Elasticsearch - EdgeNgram + highlight + term_vector = bad glare

Question

Elasticsearch - EdgeNgram + highlight + term_vector = bad glare

When I use the analyzer with edgengram (min = 3, max = 7, front) + term_vector = with_positions_offsets

With a document having text = "CouchDB"

When I search for "couc"

My highlight is on "cou", not "couc"

It seems that my highlighting is only in the minimum matching ku token, while I expect that on the exact token (if possible) or at least on the longest token found.

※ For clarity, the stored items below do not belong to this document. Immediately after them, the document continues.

lemma abs_multiplier_defect_le:
  assumes "0 < \<epsilon>" "0 \<le> \<tau>"
  shows "\<bar>multiplier_defect \<epsilon> \<tau> k\<bar> \<le> 5 * \<bar>k\<bar> * \<epsilon>"
proof (cases "-1 < k * \<epsilon> \<and> k * \<epsilon> < 1/5")
  case False
  then have "1 \<le> 5 * \<bar>k * \<epsilon>\<bar>"
    by auto
  then have "1 \<le> 5 * \<bar>k\<bar> * \<epsilon>"
    using assms(1) by (simp add: abs_mult)
  then show ?thesis
    using abs_multiplier_defect_le_1[OF assms(2), of \<epsilon> k] by linarith
next
  case True
  define u where "u = \<tau> * k^2"
  define a where "a = u * (2 + k * \<epsilon>)^2"
  define b where "b = u * 4"
  have u: "0 \<le> u"
    using assms(2) by (simp add: u_def)
  have "k > -1/\<epsilon>"
    using True assms(1) by (simp add: field_simps)
  then have defect: "multiplier_defect \<epsilon> \<tau> k = exp (-a) - exp (-b)"
    by (simp add: multiplier_defect_def a_def b_def u_def algebra_simps)
  have "1 \<le> (2 + k * \<epsilon>)^2"
    using True by (intro one_le_power) linarith
  then have "u \<le> min a b"
    using u by (simp add: a_def b_def mult_le_cancel_left1)
  have "a - b = u * ((k * \<epsilon>) * (4 + k * \<epsilon>))"
    by (simp add: a_def b_def power2_eq_square algebra_simps)
  then have "\<bar>a - b\<bar> = u * (\<bar>k * \<epsilon>\<bar> * \<bar>4 + k * \<epsilon>\<bar>)"
    using u by (simp add: abs_mult)
  also have "\<dots> \<le> u * (\<bar>k\<bar> * \<epsilon> * 5)"
    using True u assms(1) by (intro mult_left_mono) (auto simp: abs_mult intro!: mult_left_mono)
  finally have diff: "\<bar>a - b\<bar> \<le> u * (5 * \<bar>k\<bar> * \<epsilon>)"
    by (simp add: ac_simps)
  have "\<bar>multiplier_defect \<epsilon> \<tau> k\<bar> \<le> exp (- min a b) * \<bar>a - b\<bar>"
    unfolding defect by (rule abs_exp_minus_diff_le)
  also have "\<dots> \<le> exp (-u) * (u * (5 * \<bar>k\<bar> * \<epsilon>))"
    using \<open>u \<le> min a b\<close> diff by (intro mult_mono) auto
  also have "\<dots> = (exp (-u) * u) * (5 * \<bar>k\<bar> * \<epsilon>)"
    by simp
  also have "\<dots> \<le> 5 * \<bar>k\<bar> * \<epsilon>"
    using exp_minus_mult_le_1[of u] u assms(1) by (intro mult_left_le_one_le) auto
  finally show ?thesis .
qed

It works great without parsing text with term_vector = with_positions_offsets

What effect does term_vector = with_positions_offsets remove for execution?

+6

java search elasticsearch lucene n-gram

Sebastien lorber Jul 03 '12 at 2:19

source share

2 answers

I know this question is old, but it has not yet fully answered:

There is another option that can lead to this strange behavior:

You must set require_field_match to true if you do not want other document results to affect the selection of the current document, see http://www.elasticsearch.org/guide/reference/api/search/highlighting/

+4

David heidrich Apr 16 '13 at 10:45

source share

javanna · Accepted Answer · 2013-03-29T14:25:01+0000

When you set term_vector=with_positions_offsets for a specific field, it means that you keep the term "vectors per document" for that field.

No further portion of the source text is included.